====== DATA UNDER STUDY
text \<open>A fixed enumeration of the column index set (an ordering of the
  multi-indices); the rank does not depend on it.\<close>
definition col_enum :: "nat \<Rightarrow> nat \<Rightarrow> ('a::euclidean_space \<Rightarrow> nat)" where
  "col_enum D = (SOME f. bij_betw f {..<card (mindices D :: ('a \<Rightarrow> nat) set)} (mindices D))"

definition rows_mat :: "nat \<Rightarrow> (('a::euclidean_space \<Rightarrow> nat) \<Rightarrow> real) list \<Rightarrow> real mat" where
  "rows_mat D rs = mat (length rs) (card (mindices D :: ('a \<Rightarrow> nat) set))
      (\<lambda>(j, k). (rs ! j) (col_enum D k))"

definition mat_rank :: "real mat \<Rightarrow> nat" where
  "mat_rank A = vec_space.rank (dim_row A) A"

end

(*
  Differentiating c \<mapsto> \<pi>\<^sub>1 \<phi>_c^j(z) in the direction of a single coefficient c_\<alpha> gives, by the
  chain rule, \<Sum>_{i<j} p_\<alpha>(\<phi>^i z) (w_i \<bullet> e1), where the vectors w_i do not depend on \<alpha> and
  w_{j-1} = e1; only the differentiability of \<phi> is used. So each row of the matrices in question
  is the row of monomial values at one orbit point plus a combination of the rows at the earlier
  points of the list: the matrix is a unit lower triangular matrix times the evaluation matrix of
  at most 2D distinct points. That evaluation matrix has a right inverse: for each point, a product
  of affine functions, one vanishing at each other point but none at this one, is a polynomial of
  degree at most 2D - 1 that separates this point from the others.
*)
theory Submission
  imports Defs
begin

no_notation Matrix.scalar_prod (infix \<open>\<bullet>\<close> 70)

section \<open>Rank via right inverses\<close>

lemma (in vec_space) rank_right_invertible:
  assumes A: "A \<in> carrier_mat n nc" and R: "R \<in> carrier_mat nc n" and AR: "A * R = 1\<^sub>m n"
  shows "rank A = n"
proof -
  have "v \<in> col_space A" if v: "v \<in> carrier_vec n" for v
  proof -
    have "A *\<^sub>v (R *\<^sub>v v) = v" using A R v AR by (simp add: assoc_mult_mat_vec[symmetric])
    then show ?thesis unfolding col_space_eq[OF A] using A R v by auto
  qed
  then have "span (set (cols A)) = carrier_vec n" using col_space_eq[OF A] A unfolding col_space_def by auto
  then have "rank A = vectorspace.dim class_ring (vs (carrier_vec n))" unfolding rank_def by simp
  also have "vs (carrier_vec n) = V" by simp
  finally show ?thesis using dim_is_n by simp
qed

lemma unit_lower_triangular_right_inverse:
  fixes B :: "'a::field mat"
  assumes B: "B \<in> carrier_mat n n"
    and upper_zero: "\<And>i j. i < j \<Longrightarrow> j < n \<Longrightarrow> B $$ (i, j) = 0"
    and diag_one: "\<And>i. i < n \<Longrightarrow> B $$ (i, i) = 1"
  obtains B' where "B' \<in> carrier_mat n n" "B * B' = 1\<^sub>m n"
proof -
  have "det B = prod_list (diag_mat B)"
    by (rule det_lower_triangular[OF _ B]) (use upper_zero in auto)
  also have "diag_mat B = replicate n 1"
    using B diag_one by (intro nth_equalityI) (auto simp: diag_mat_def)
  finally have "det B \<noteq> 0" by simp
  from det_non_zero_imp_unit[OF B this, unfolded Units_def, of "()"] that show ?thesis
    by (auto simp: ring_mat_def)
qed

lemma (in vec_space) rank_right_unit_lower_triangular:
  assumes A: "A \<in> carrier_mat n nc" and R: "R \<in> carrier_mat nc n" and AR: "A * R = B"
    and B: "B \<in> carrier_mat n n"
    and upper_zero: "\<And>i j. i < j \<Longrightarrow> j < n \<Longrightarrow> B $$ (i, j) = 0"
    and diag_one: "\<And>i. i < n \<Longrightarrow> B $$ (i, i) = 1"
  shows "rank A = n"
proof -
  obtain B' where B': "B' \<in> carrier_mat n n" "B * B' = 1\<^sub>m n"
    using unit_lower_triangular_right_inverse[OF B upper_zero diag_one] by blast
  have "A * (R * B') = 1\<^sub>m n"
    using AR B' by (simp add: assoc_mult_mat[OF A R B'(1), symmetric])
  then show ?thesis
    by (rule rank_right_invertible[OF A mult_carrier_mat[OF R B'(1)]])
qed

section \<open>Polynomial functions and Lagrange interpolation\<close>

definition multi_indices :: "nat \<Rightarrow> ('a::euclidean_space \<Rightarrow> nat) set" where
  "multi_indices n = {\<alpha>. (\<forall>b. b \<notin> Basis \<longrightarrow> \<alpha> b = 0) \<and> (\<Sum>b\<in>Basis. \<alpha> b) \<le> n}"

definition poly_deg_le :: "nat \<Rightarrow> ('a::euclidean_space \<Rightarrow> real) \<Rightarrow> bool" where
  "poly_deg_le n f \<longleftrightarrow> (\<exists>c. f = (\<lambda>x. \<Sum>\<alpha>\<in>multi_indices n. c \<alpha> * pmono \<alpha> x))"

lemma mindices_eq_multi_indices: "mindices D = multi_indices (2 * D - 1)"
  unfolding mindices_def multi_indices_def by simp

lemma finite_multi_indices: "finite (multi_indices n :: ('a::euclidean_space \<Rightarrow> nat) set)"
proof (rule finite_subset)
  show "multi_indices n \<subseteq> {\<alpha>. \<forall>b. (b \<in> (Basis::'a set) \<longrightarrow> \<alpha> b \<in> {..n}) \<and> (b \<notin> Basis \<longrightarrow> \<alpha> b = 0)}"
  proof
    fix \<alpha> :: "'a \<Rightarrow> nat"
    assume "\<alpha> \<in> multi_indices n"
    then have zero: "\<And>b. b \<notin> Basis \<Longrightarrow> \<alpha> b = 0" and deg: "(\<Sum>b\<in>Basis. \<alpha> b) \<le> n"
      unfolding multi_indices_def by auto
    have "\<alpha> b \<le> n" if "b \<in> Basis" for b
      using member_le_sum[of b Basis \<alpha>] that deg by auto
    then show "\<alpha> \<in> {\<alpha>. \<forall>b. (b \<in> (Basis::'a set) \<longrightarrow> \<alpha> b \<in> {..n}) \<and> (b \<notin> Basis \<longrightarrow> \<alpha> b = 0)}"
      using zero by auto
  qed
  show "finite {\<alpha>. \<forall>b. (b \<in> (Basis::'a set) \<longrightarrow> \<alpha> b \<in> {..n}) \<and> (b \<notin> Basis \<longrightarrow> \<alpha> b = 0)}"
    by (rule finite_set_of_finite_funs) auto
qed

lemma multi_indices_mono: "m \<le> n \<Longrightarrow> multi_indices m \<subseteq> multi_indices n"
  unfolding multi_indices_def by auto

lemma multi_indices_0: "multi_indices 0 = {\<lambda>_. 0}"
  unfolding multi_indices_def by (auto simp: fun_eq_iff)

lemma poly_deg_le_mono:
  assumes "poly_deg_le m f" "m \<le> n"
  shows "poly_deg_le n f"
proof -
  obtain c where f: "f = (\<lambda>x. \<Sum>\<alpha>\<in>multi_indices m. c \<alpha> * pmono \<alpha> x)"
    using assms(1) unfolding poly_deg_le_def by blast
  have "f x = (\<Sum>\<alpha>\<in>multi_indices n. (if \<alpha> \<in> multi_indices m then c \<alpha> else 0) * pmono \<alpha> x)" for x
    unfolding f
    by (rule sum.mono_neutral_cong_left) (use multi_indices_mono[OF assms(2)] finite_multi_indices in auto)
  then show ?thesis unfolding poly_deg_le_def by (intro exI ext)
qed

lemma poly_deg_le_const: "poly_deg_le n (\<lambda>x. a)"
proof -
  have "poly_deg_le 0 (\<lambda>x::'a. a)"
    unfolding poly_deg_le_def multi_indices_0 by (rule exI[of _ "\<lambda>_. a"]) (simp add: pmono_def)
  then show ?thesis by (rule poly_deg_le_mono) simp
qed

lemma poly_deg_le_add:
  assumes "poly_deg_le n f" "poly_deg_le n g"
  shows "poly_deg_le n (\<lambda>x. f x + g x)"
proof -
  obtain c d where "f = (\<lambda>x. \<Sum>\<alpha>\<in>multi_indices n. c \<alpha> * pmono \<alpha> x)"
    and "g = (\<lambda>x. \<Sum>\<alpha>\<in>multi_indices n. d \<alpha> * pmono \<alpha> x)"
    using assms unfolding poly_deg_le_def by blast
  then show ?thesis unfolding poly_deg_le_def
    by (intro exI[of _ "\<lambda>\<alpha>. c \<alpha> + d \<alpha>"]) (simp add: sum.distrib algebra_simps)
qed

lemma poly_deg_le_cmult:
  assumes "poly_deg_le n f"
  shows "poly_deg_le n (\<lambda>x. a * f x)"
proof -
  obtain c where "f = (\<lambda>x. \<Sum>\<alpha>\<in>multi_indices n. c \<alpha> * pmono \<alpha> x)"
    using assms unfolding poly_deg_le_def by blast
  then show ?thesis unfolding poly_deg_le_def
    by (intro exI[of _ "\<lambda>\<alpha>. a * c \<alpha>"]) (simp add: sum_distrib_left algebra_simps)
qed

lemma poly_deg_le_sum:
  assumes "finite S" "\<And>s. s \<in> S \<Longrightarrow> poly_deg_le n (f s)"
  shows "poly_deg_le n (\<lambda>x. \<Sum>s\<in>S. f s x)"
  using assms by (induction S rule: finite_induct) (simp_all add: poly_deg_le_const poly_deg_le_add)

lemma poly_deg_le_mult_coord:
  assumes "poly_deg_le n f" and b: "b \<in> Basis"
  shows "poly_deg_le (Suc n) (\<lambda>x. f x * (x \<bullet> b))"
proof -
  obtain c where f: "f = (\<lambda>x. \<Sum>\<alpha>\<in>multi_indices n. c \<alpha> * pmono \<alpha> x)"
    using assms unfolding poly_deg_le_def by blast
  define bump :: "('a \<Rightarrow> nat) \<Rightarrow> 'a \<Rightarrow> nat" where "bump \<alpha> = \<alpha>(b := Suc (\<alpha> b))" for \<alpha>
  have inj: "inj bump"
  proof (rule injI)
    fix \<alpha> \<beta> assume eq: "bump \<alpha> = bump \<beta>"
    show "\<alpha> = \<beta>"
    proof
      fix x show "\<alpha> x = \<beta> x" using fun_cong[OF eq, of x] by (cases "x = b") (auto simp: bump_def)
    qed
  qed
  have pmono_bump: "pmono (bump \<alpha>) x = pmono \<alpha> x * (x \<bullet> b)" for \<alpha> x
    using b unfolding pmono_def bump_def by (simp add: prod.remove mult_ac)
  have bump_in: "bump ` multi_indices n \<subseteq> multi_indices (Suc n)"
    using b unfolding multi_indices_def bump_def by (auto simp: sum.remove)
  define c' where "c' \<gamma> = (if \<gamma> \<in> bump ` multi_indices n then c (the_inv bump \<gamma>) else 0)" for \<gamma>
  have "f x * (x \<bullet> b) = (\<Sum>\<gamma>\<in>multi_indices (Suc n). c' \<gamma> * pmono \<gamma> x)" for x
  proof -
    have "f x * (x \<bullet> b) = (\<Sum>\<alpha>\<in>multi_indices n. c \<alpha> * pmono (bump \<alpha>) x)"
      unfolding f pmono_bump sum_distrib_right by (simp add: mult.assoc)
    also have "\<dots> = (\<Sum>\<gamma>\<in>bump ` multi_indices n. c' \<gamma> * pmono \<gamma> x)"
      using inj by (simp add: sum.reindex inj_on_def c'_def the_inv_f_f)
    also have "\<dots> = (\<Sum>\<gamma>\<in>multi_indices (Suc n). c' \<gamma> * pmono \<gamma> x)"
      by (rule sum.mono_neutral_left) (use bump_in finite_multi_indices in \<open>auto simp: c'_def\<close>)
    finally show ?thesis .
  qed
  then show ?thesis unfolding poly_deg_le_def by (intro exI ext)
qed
============
Search the records for the string "real" and return every line in which it occurs.

# OUTPUT FOR THIS TASK:
definition rows_mat :: "nat \<Rightarrow> (('a::euclidean_space \<Rightarrow> nat) \<Rightarrow> real) list \<Rightarrow> real mat" where
definition mat_rank :: "real mat \<Rightarrow> nat" where
definition poly_deg_le :: "nat \<Rightarrow> ('a::euclidean_space \<Rightarrow> real) \<Rightarrow> bool" where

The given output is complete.